Plants set their circadian clock in the evening to make sure they have enough energy to make it through the night, according to a new study from the University of York. The experts identified a metabolic signal that the plants use to set their “bedtime alarm.” 

The researchers believe that the newly identified metabolic signal informs the plant on how much sugar is available at dusk so the plant can adjust its metabolism to survive the night. 

Plants use sunlight to produce sugar through photosynthesis, and the sugar is stored up for energy during nighttime hours. It is critical for plants to be able to anticipate the duration of these dark hours so that they do not run out of energy. 

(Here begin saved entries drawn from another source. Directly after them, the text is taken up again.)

theorem sigma_prefix_N: "k \<le> m \<Longrightarrow> sigma k N = visible_top k"
proof (induction k rule: less_induct)
  case (less k)
  show ?case
  proof (cases k)
    case 0
    then show ?thesis by (simp add: transp_product_0 visible_top_def visible_def)
  next
    case (Suc k')
    have km: "k \<in> {1..m}" using less Suc by simp
    have aN: "\<alpha> k \<noteq> N" using alpha_ne_N[OF km] .
    have first: "sigma k N = sigma k' (\<alpha> k)" using Suc by (simp add: transp_product_Suc)
    show ?thesis
    proof (cases "\<exists>p. 1 \<le> p \<and> p < k \<and> \<alpha> p = \<alpha> k")
      case False
      have "sigma k' (\<alpha> k) = sigma 0 (\<alpha> k)"
        by (rule transp_product_skip) (use aN False Suc in auto)
      then show ?thesis using first visible_top_fresh[OF km False] by (simp add: transp_product_0)
    next
      case True
      then obtain p where p: "1 \<le> p" "p < k" "\<alpha> p = \<alpha> k" by blast
      have pm: "p \<in> {1..m}" using p km by simp
      have "\<alpha> i \<noteq> \<alpha> k" if "p < i" "i \<le> k'" for i
        using at_most_two[OF pm km, of i] p that Suc km by auto
      then have "sigma k' (\<alpha> k) = sigma p (\<alpha> k)"
        by (intro transp_product_skip) (use aN p Suc in auto)
      also have "\<dots> = sigma (p - 1) N" using p by (cases p) (auto simp: transp_product_Suc)
      also have "\<dots> = visible_top (p - 1)" using less.IH[of "p - 1"] p less.prems by simp
      also have "\<dots> = visible_top k"
      proof -
        have "{i. visible k i} = {i. visible (p - 1) i}"
          using visible_close_imp[OF p(1,2) _ p(3)] visible_close_rev[OF p(1,2) _ p(3)]
            less.prems by blast
        then show ?thesis by (simp only: visible_top_def)
      qed
      finally show ?thesis using first by simp
    qed
  qed
qed

text \<open>A point \<open>\<alpha>\<^sub>r\<close> is moved only by the factors involving it; if \<open>r\<close> is its last
  occurrence, \<open>a\<^sub>r\<close> sends it to \<open>N\<close>, which \<open>\<sigma>\<^sub>r\<^sub>-\<^sub>1\<close> then moves on.\<close>
lemma sigma_last_occurrence:
  assumes r: "r \<in> {1..m}" and last: "\<forall>i. r < i \<and> i \<le> m \<longrightarrow> \<alpha> i \<noteq> \<alpha> r"
  shows "sigma m (\<alpha> r) = visible_top (r - 1)"
proof -
  have aN: "\<alpha> r \<noteq> N" using alpha_ne_N[OF r] .
  have "sigma m (\<alpha> r) = sigma r (\<alpha> r)" by (rule transp_product_skip) (use aN last r in auto)
  also have "\<dots> = sigma (r - 1) N" using r by (cases r) (auto simp: transp_product_Suc)
  also have "\<dots> = visible_top (r - 1)" by (rule sigma_prefix_N) (use r in auto)
  finally show ?thesis .
qed

lemma sigma_unused: "v \<noteq> N \<Longrightarrow> \<forall>i\<in>{1..m}. \<alpha> i \<noteq> v \<Longrightarrow> sigma m v = v"
  using transp_product_skip[of v N 0 m \<alpha>] by (auto simp: transp_product_0)

definition singleton :: "nat \<Rightarrow> bool" where
  "singleton i \<longleftrightarrow> i \<in> {1..m} \<and> (\<forall>k\<in>{1..m}. \<alpha> k = \<alpha> i \<longrightarrow> k = i)"

definition arc :: "nat \<Rightarrow> nat \<Rightarrow> bool" where
  "arc p r \<longleftrightarrow> 1 \<le> p \<and> p < r \<and> r \<le> m \<and> \<alpha> p = \<alpha> r"

definition enclosed :: "nat \<Rightarrow> bool" where
  "enclosed i \<longleftrightarrow> (\<exists>p q. arc p q \<and> p < i \<and> i < q)"

definition outer :: "nat set" where
  "outer = {i. singleton i \<and> \<not> enclosed i}"

definition direct_inner :: "nat \<Rightarrow> nat \<Rightarrow> nat set" where
  "direct_inner p r = {j. singleton j \<and> p < j \<and> j < r \<and>
     \<not> (\<exists>p' q'. arc p' q' \<and> p < p' \<and> p' < j \<and> j < q' \<and> q' < r)}"

lemma singletonD: "singleton i \<Longrightarrow> k \<in> {1..m} \<Longrightarrow> \<alpha> k = \<alpha> i \<Longrightarrow> k = i"
  by (simp add: singleton_def)

lemma arc_partner:
  assumes "arc p r" "k \<in> {1..m}" "\<alpha> k = \<alpha> p"
  shows "k = p \<or> k = r"
  using assms at_most_two[of p r k] by (auto simp: arc_def)

lemma finite_outer: "finite outer"
  by (rule finite_subset[of _ "{1..m}"]) (auto simp: outer_def singleton_def)

lemma finite_direct_inner: "finite (direct_inner p r)"
  by (rule finite_subset[of _ "{p<..<r}"]) (auto simp: direct_inner_def)

lemma inj_on_singletons: "\<forall>i\<in>S. singleton i \<Longrightarrow> inj_on \<alpha> S"
  unfolding inj_on_def singleton_def by metis

text \<open>Visibility just before position \<open>j\<close> is decided by the arcs reaching over \<open>j\<close>: if no arc
  starting after \<open>lo\<close> runs from before \<open>j\<close> to \<open>j\<close> or beyond, an index beyond \<open>lo\<close> visible at
  time \<open>j - 1\<close> is a singleton not enclosed by any arc starting after \<open>lo\<close>.\<close>
lemma visible_unblocked:
  assumes v: "visible (j - 1) i" and j: "j \<le> Suc m" and lo: "lo < i"
    and barrier: "\<And>a b. arc a b \<Longrightarrow> lo < a \<Longrightarrow> a < j \<Longrightarrow> j \<le> b \<Longrightarrow> False"
  shows "singleton i \<and> \<not> (\<exists>a b. arc a b \<and> lo < a \<and> a < i \<and> i < b)"
proof -
  have ij: "1 \<le> i" "i < j" using visibleD_range[OF v] by auto
  have "singleton i" unfolding singleton_def
  proof (intro conjI ballI impI)
    show "i \<in> {1..m}" using ij j by auto
    fix k assume k: "k \<in> {1..m}" "\<alpha> k = \<alpha> i"
    show "k = i"
    proof (rule ccontr)
      assume "k \<noteq> i"
      then have "j \<le> k" using visibleD_partner[OF v k] by auto
      moreover have "arc i k" using k ij \<open>j \<le> k\<close> by (auto simp: arc_def)
      ultimately show False using barrier lo ij by blast
    qed
  qed
  moreover have "\<not> (\<exists>a b. arc a b \<and> lo < a \<and> a < i \<and> i < b)"
  proof
    assume "\<exists>a b. arc a b \<and> lo < a \<and> a < i \<and> i < b"
    then obtain a b where ab: "arc a b" "lo < a" "a < i" "i < b" by blast
    have "1 \<le> a" "\<alpha> a = \<alpha> b" using ab(1) by (auto simp: arc_def)
    then have "\<not> b \<le> j - 1" using visibleD_unenclosed[OF v _ ab(3,4)] by blast
    then have "j \<le> b" by linarith
    then show False using barrier[OF ab(1,2)] ab ij by auto
  qed
  ultimately show ?thesis ..
qed

lemma no_arc_over_outer:
  assumes j: "j = Suc m \<or> j \<in> outer" and ab: "arc a b" "a < j" "j \<le> b"
  shows False
proof -
  have "j \<in> outer" using j ab by (auto simp: arc_def)
  moreover have "b \<noteq> j" using singletonD[of j a] ab \<open>j \<in> outer\<close> by (auto simp: outer_def arc_def)
  ultimately have "j \<in> outer" "j < b" using ab by auto
  then show False using ab by (auto simp: outer_def enclosed_def)
qed

text \<open>Inside an arc \<open>{p,r}\<close>, no arc starting after \<open>p\<close> reaches over \<open>r\<close> or over a direct inner
  singleton: it would cross or coincide with \<open>{p,r}\<close>, end at a singleton, or enclose it.\<close>
lemma no_arc_over_direct_inner:
  assumes pr: "arc p r" and j: "j = r \<or> j \<in> direct_inner p r"
    and ab: "arc a b" "p < a" "a < j" "j \<le> b"
  shows False
proof -
  have pr': "p < r" "\<alpha> p = \<alpha> r" using pr by (auto simp: arc_def)
  have jr: "j \<le> r" using j by (auto simp: direct_inner_def)
  have a_m: "a \<in> {1..m}" "\<alpha> a = \<alpha> b" using ab(1) by (auto simp: arc_def)
  have "b \<noteq> j"
  proof
    assume "b = j"
    show False using j
    proof
      assume "j = r"
      then show False using arc_partner[OF pr a_m(1)] a_m(2) \<open>b = j\<close> ab pr' by auto
    next
      assume "j \<in> direct_inner p r"
      then show False using singletonD[of j a] a_m \<open>b = j\<close> ab by (auto simp: direct_inner_def)
    qed
  qed
  then consider "b < r" | "b = r" | "r < b" by linarith
  then show False
  proof cases
    case 1 then show ?thesis using j ab \<open>b \<noteq> j\<close> by (auto simp: direct_inner_def)
  next
    case 2
    then have "\<alpha> a = \<alpha> p" using a_m(2) pr' by simp
    then show ?thesis using arc_partner[OF pr a_m(1)] ab jr by auto
  next
    case 3 then show ?thesis using no_crossing[of p a r b] ab jr pr pr' by (auto simp: arc_def)
  qed
qed

lemma visible_outer:
  assumes j: "j = Suc m \<or> j \<in> outer"
  shows "visible (j - 1) i \<longleftrightarrow> i \<in> outer \<and> i < j"
proof
  assume v: "visible (j - 1) i"
  have ij: "0 < i" "i < j" using visibleD_range[OF v] by auto
  have unblocked: "singleton i \<and> \<not> (\<exists>a b. arc a b \<and> 0 < a \<and> a < i \<and> i < b)"
  proof (rule visible_unblocked[OF v _ ij(1)])
    show "j \<le> Suc m" using j by (auto simp: outer_def singleton_def)
    show False if "arc a b" "0 < a" "a < j" "j \<le> b" for a b
      using no_arc_over_outer[OF j that(1,3,4)] .
  qed
  have "\<not> enclosed i"
  proof
    assume "enclosed i"
    then obtain a b where ab: "arc a b" "a < i" "i < b" by (auto simp: enclosed_def)
    then have "0 < a" by (simp add: arc_def)
    then show False using unblocked ab by blast
  qed
  then show "i \<in> outer \<and> i < j" using unblocked ij by (simp add: outer_def)
next
  assume i: "i \<in> outer \<and> i < j"
  show "visible (j - 1) i"
  proof (rule visibleI)
    fix p q assume pq: "1 \<le> p" "p < i" "i < q" "q \<le> j - 1" "\<alpha> p = \<alpha> q"
    have "q \<le> m" using pq(4) j by (auto simp: outer_def singleton_def)
    then have "arc p q" using pq by (auto simp: arc_def)
    then show False using i pq by (auto simp: outer_def enclosed_def)
  qed (use i in \<open>auto simp: outer_def singleton_def\<close>)
qed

Predicting sunrise and estimating the duration of the night depends on the circadian rhythm, which is a 24-hour cycle that is part of the body’s internal clock.

“We think this metabolic signal is acting rather like setting an alarm clock before bedtime to ensure the plant’s survival,” said Dr. Mike Haydon.

“Plants must coordinate photosynthetic metabolism with the daily environment and adapt rhythmic physiology and development to match carbon availability.”

To investigate how sugars alter the circadian clock, the researchers modified the sugar supply of some seedlings and measured their gene expression. They zeroed in on a set of genes regulated by the chemical compound superoxide, which is associated with metabolic activity. 

Most of these genes are active in the evening, including those that regulate the circadian clock. When the experts inhibited the production of superoxide, the evening effects of sugar on the circadian clock genes were also inhibited.

“Distinguishing the effects of light and sugars in photosynthetic cells is challenging,” said Professor Ian Graham. “Our data suggest a new role for superoxide as a rhythmic sugar-related signal which acts in the evening and affects circadian gene expression and growth.”

The study is published in the journal Proceedings of the National Academy of Sciences.